Teddy Bruce from the beginning cherished high ideals of a soldier’s calling and a soldier’s life. It was startling to see a boy so young and healthy in mind as he was in body wrapped about sometimes with such an obvious and overwhelming sense of responsibility, and with a look in his eyes that spoke of solemn destinies yet to be fulfilled. One remembers "Maeterlinck" and the 'fixed immovable look he noticed in the man whose end was to come by accident, the man whom death would suddenly seize from without. To them life was fraught with more seriousness than to those who were to live to the full span. The same careful silent watchfulness mastered their actions. They had no time to lose; they had to be in readiness at the same hour; so completely had this event, which no prophet could have foretold, become the v e r y li fe o f t he ir l if e." They had no time to lose." It seems indeed as if our boy lived as one who had no time to lose, as one who enjoying life with thankfulness and zest as a good gift of God, yet had hidden in his Soul the Master's Word." “Be ye also ready, for in such an hour as ye think not, the Son of Man cometh; Blessed is that Servant whom his Lord when he cometh, shall find so doing.”

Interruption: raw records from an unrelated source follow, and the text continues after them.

(* Let $G=(L\cup R,E)$ be a left-regular Tanner graph (without parallel edges) with left degree $d_l\ge 3$ and girth $g>4$. Let $\mathcal{S}\subset L$ be an $(a,b)$ trapping set with $b<a$ and $G(\mathcal{S})$ connected. Consider three cases: (E) $\mathcal{S}$ is elementary and $d_l(d_l-1)>b$; (O) $\mathcal{S}$ has a check node in $\Gamma_{\mathrm{o}}(\mathcal{S})$ of degree $d_o>1$ in $G(\mathcal{S})$, and $d_o(d_l-1)>b$; (Ev) $\mathcal{S}$ has a check node in $\Gamma_{\mathrm{e}}(\mathcal{S})$ of degree $d_e>2$ in $G(\mathcal{S})$, and $d_e(d_l-1)>b$. (Empty sums are $0$.) (a) If $g=4k$ for an integer $k>1$, then in case (E) \[a\ge 1+d_l+(d_l(d_l-1)-b)\sum_{i=0}^{k-3}(d_l-1)^i+\frac{(d_l(d_l-1)-b)(d_l-1)^{k-2}}{d_l};\] in case (O) $a\ge d_o+(d_o(d_l-1)-b+1)\sum_{i=0}^{k-2}(d_l-1)^i$; and in case (Ev) $a\ge d_e+(d_e(d_l-1)-b)\sum_{i=0}^{k-2}(d_l-1)^i$. (b) If $g=4k+2$ for a positive integer $k$, then in case (E) $a\ge 1+d_l+(d_l(d_l-1)-b)\sum_{i=0}^{k-2}(d_l-1)^i$; in case (O) \[a\ge d_o+(d_o(d_l-1)-b+1)\sum_{i=0}^{k-2}(d_l-1)^i+\frac{(d_o(d_l-1)-b+1)(d_l-1)^{k-1}}{d_l};\] and in case (Ev) \[a\ge d_e+(d_e(d_l-1)-b)\sum_{i=0}^{k-2}(d_l-1)^i+\frac{(d_e(d_l-1)-b)(d_l-1)^{k-1}}{d_l}.\]
   Context: A Tanner graph is a bipartite graph $G=(L\cup R,E)$ with variable nodes $L$ and check nodes $R$; left-regular with left degree $d_l$ means every variable node has degree $d_l$; the girth is the length of a shortest cycle. For $\mathcal{S}\subset L$, $\Gamma(\mathcal{S})$ is the set of neighbors of $\mathcal{S}$ in $R$, and $G(\mathcal{S})$ is the induced subgraph on $\mathcal{S}\cup\Gamma(\mathcal{S})$. $\Gamma_{\mathrm{o}}(\mathcal{S})$ and $\Gamma_{\mathrm{e}}(\mathcal{S})$ are the check nodes of $\Gamma(\mathcal{S})$ with odd, respectively even, degree in $G(\mathcal{S})$. $\mathcal{S}$ is an $(a,b)$ trapping set if $|\mathcal{S}|=a$ and $|\Gamma_{\mathrm{o}}(\mathcal{S})|=b$; it is elementary if every check node of $G(\mathcal{S})$ has degree one or two in $G(\mathcal{S})$. *)

theory Defs
  imports Complex_Main
begin
text \<open>The spiral condition at k = -1: V_{N-1} \<sim> M T(V_{-2}) lies in the span of W_0 and
  W_{-2}, hence W_0 lies in the plane of V_{N-1}, V_N; this forces a_{N-1} = a_0 c_{-1}.\<close>
lemma a_N_minus_1: "a (N-1) = a 0 * c (-1)"
proof -
  obtain s where s: "V (N-1) = s *\<^sub>R (M *v Tmap V (-2))"
    using V_proportional[of "-1"] by auto
  obtain \<alpha> \<beta> where ab: "M *v V (-2) = \<alpha> *\<^sub>R V N + \<beta> *\<^sub>R V (N-1)"
    using M_V_minus_2 by blast
  have u: "V (N-1) = (s * rho_det V (-3)) *\<^sub>R (M *v V 0 - b (-3) *\<^sub>R (M *v V (-2)))"
  proof -
    have Tm: "Tmap V (-2) = rho_det V (-3) *\<^sub>R V 0 - (b (-3) * rho_det V (-3)) *\<^sub>R V (-2)"
      using Tmap_recurrence[of "-3"] by simp
    show ?thesis unfolding s Tm by (simp add: algebra_simps)
  qed
  have z: "b (-3) *\<^sub>R (M *v V (-2)) = (b (-3) * \<beta>) *\<^sub>R V (N-1) + (b (-3) * \<alpha>) *\<^sub>R V N"
    unfolding ab by (simp add: algebra_simps)
  have "det3 (V (N-1)) (V N) (M *v V 0) = 0"
    by (rule det3_vanish_modulo_span[where w = "V (N+1)", OF u z]) (simp add: frame_N_minus_1)
  then have "0 = det3 (V (N-1)) (V N) (A_inv a b c 0 *\<^sub>R (M *v V 0))"
    by (simp add: det3_scale3)
  also have "\<dots> = det3 (V (N-1)) (V N) (V (N+2)) - a 0 * c (-1)"
    unfolding M_V_0 by (simp add: det3_linear frame_N_minus_1)
  also have "det3 (V (N-1)) (V N) (V (N+2)) = a (N-1)"
    using det3_skip_one[of "N-1"] rho_det_normalized[of "N-1"] N_ge_3 by (simp add: add.commute)
  finally show ?thesis by simp
qed

text \<open>The spiral condition at k = 0 gives in the same way a_N = a_1.\<close>
lemma a_N: "a N = a 1"
proof -
  obtain s where s: "V N = s *\<^sub>R (M *v Tmap V (-1))"
    using V_proportional[of 0] by auto
  have u: "V N = (s * rho_det V (-2)) *\<^sub>R (M *v V 1 - b (-2) *\<^sub>R (M *v V (-1)))"
  proof -
    have Tm: "Tmap V (-1) = rho_det V (-2) *\<^sub>R V 1 - (b (-2) * rho_det V (-2)) *\<^sub>R V (-1)"
      using Tmap_recurrence[of "-2"] by simp
    show ?thesis unfolding s Tm by (simp add: algebra_simps)
  qed
  have z: "b (-2) *\<^sub>R (M *v V (-1))
      = (- (b (-2) * c (N+1) * a (N-2))) *\<^sub>R V N + (b (-2) * c (N+1)) *\<^sub>R V (N+1)"
    unfolding M_V_minus_1 by (simp add: algebra_simps)
  have "det3 (V N) (V (N+1)) (M *v V 1) = 0"
    by (rule det3_vanish_modulo_span[where w = "V (N+2)", OF u z]) (simp add: frame_N)
  then have "0 = det3 (V N) (V (N+1)) (A_inv a b c 1 *\<^sub>R (M *v V 1))"
    by (simp add: det3_scale3)
  also have "\<dots> = a N - a 1"
    unfolding M_V_1 using det3_skip_one[of N] frame_N rho_det_normalized[of N] N_ge_3
    by (simp add: det3_linear)
  finally show ?thesis by simp
qed

lemma M_V_in_frame:
  "M *v V (-1) = (- (c (N+1) * a (N-2))) *\<^sub>R V N + c (N+1) *\<^sub>R V (N+1) + 0 *\<^sub>R V (N+2)"
  "A_inv a b c 0 *\<^sub>R (M *v V 0) = 0 *\<^sub>R V N + (- (a 0 * c (-1))) *\<^sub>R V (N+1) + 1 *\<^sub>R V (N+2)"
  "A_inv a b c 1 *\<^sub>R (M *v V 1) = c N *\<^sub>R V N + b N *\<^sub>R V (N+1) + 0 *\<^sub>R V (N+2)"
  "a 0 *\<^sub>R (A_inv a b c 0 *\<^sub>R (M *v V 2))
     = 0 *\<^sub>R V N + (a 0 * c (-1)) *\<^sub>R V (N+1) + (A_inv a b c 0 - 1) *\<^sub>R V (N+2)"
proof -
  show "M *v V (-1) = (- (c (N+1) * a (N-2))) *\<^sub>R V N + c (N+1) *\<^sub>R V (N+1) + 0 *\<^sub>R V (N+2)"
    using M_V_minus_1 by (simp add: algebra_simps)
  show "A_inv a b c 0 *\<^sub>R (M *v V 0) = 0 *\<^sub>R V N + (- (a 0 * c (-1))) *\<^sub>R V (N+1) + 1 *\<^sub>R V (N+2)"
    using M_V_0 by (simp add: algebra_simps)
  show "A_inv a b c 1 *\<^sub>R (M *v V 1) = c N *\<^sub>R V N + b N *\<^sub>R V (N+1) + 0 *\<^sub>R V (N+2)"
    using M_V_1 recurrence_at[of N "N+1" "N+2" "N+3"] a_N by simp
  have "a 0 *\<^sub>R (A_inv a b c 0 *\<^sub>R (M *v V 2)) = A_inv a b c 0 *\<^sub>R (V (N+2) - M *v V 0)"
    using M_V_2 by (metis scaleR_left_commute)
  also have "\<dots> = A_inv a b c 0 *\<^sub>R V (N+2) - A_inv a b c 0 *\<^sub>R (M *v V 0)"
    by (simp add: scaleR_right_diff_distrib)
  finally show "a 0 *\<^sub>R (A_inv a b c 0 *\<^sub>R (M *v V 2))
     = 0 *\<^sub>R V N + (a 0 * c (-1)) *\<^sub>R V (N+1) + (A_inv a b c 0 - 1) *\<^sub>R V (N+2)"
    unfolding M_V_0 by (simp add: algebra_simps)
qed

text \<open>det rho_{-1} = det(W_{-1}, W_0, W_1), computed in the frame after index N.\<close>
lemma rho_det_minus_1:
  "A_inv a b c 0 * A_inv a b c 1 * rho_det V (-1) = c (N+1) * (c N + b N * a (N-2))"
proof -
  have "A_inv a b c 0 * A_inv a b c 1 * rho_det V (-1)
      = det3 (M *v V (-1)) (A_inv a b c 0 *\<^sub>R (M *v V 0)) (A_inv a b c 1 *\<^sub>R (M *v V 1))"
    by (simp add: rho_det_def det3_matrix_mult det_M det3_scale2 det3_scale3)
  also have "\<dots> = c (N+1) * (c N + b N * a (N-2))"
    unfolding M_V_in_frame det3_in_frame frame_N by (simp add: algebra_simps)
  finally show ?thesis .
qed

text \<open>a_{-1} det rho_{-1} = det(W_{-1}, W_0, W_2), computed in the same frame.\<close>
lemma a_minus_1:
  assumes "a 0 \<noteq> 0" "A_inv a b c 0 \<noteq> 0"
  shows "A_inv a b c 0 * a (-1) * rho_det V (-1) = c (N+1) * a (N-2) * c (-1)"
proof -
  have "a 0 * A_inv a b c 0 * (A_inv a b c 0 * a (-1) * rho_det V (-1))
      = det3 (M *v V (-1)) (A_inv a b c 0 *\<^sub>R (M *v V 0)) (a 0 *\<^sub>R (A_inv a b c 0 *\<^sub>R (M *v V 2)))"
    using det3_skip_one[of "-1"]
    by (simp add: rho_det_def det3_matrix_mult det_M det3_scale2 det3_scale3)
  also have "\<dots> = a 0 * A_inv a b c 0 * (c (N+1) * a (N-2) * c (-1))"
    unfolding M_V_in_frame det3_in_frame frame_N by (simp add: algebra_simps)
  finally show ?thesis using assms by simp
qed

text \<open>Since det rho_N = 1, the invariant c_N is det rho_{N+1}, and c_{N+1} c_N = det rho_{N+2}.\<close>
lemma c_N: "c N = rho_det V (N+1)"
  using rho_det_step[of N] rho_det_normalized[of N] N_ge_3 by simp

lemma c_N_plus_1: "c (N+1) * c N = A_inv a b c 1 * A_inv a b c 2"
  using rho_det_step[of "N+1"] rho_det_N_plus_2 c_N by (simp add: add.assoc)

I gave you the beginning of Wordsworth’s “Happy Warrior”,

I give you now the end:- “Who, while the mortal mist is gathering, draws His breath in confidence of Heaven’s applause: This is the happy warrior; this is he Whom every man in arms should wish to be." It was so with him at the last. For one moment, brief as the twinkling of an eye, there is token, that yet unhurt, he faced his mortal danger, and ,his gallant spirit rose to meet it, for when his Comrades came there was a smile on his face left by the radiant Soul gone back to God. Truly we are persuaded that nothing is able to separate us from the love of God which is in Christ Jesus our Lord. You and I have received to-day a great trust from the Family of our Soldier Boy. They have charged us, as the closing act of our Worship, to sing an Easter Hymn with its resounding Alleluias - a song of Victory and a song of Life. We shall try, please God, to mate our Spirit with their Spirit, and our Faith with their Faith, and with unfaltering voice and heart to be glad together in the praise of the risen and living Christ.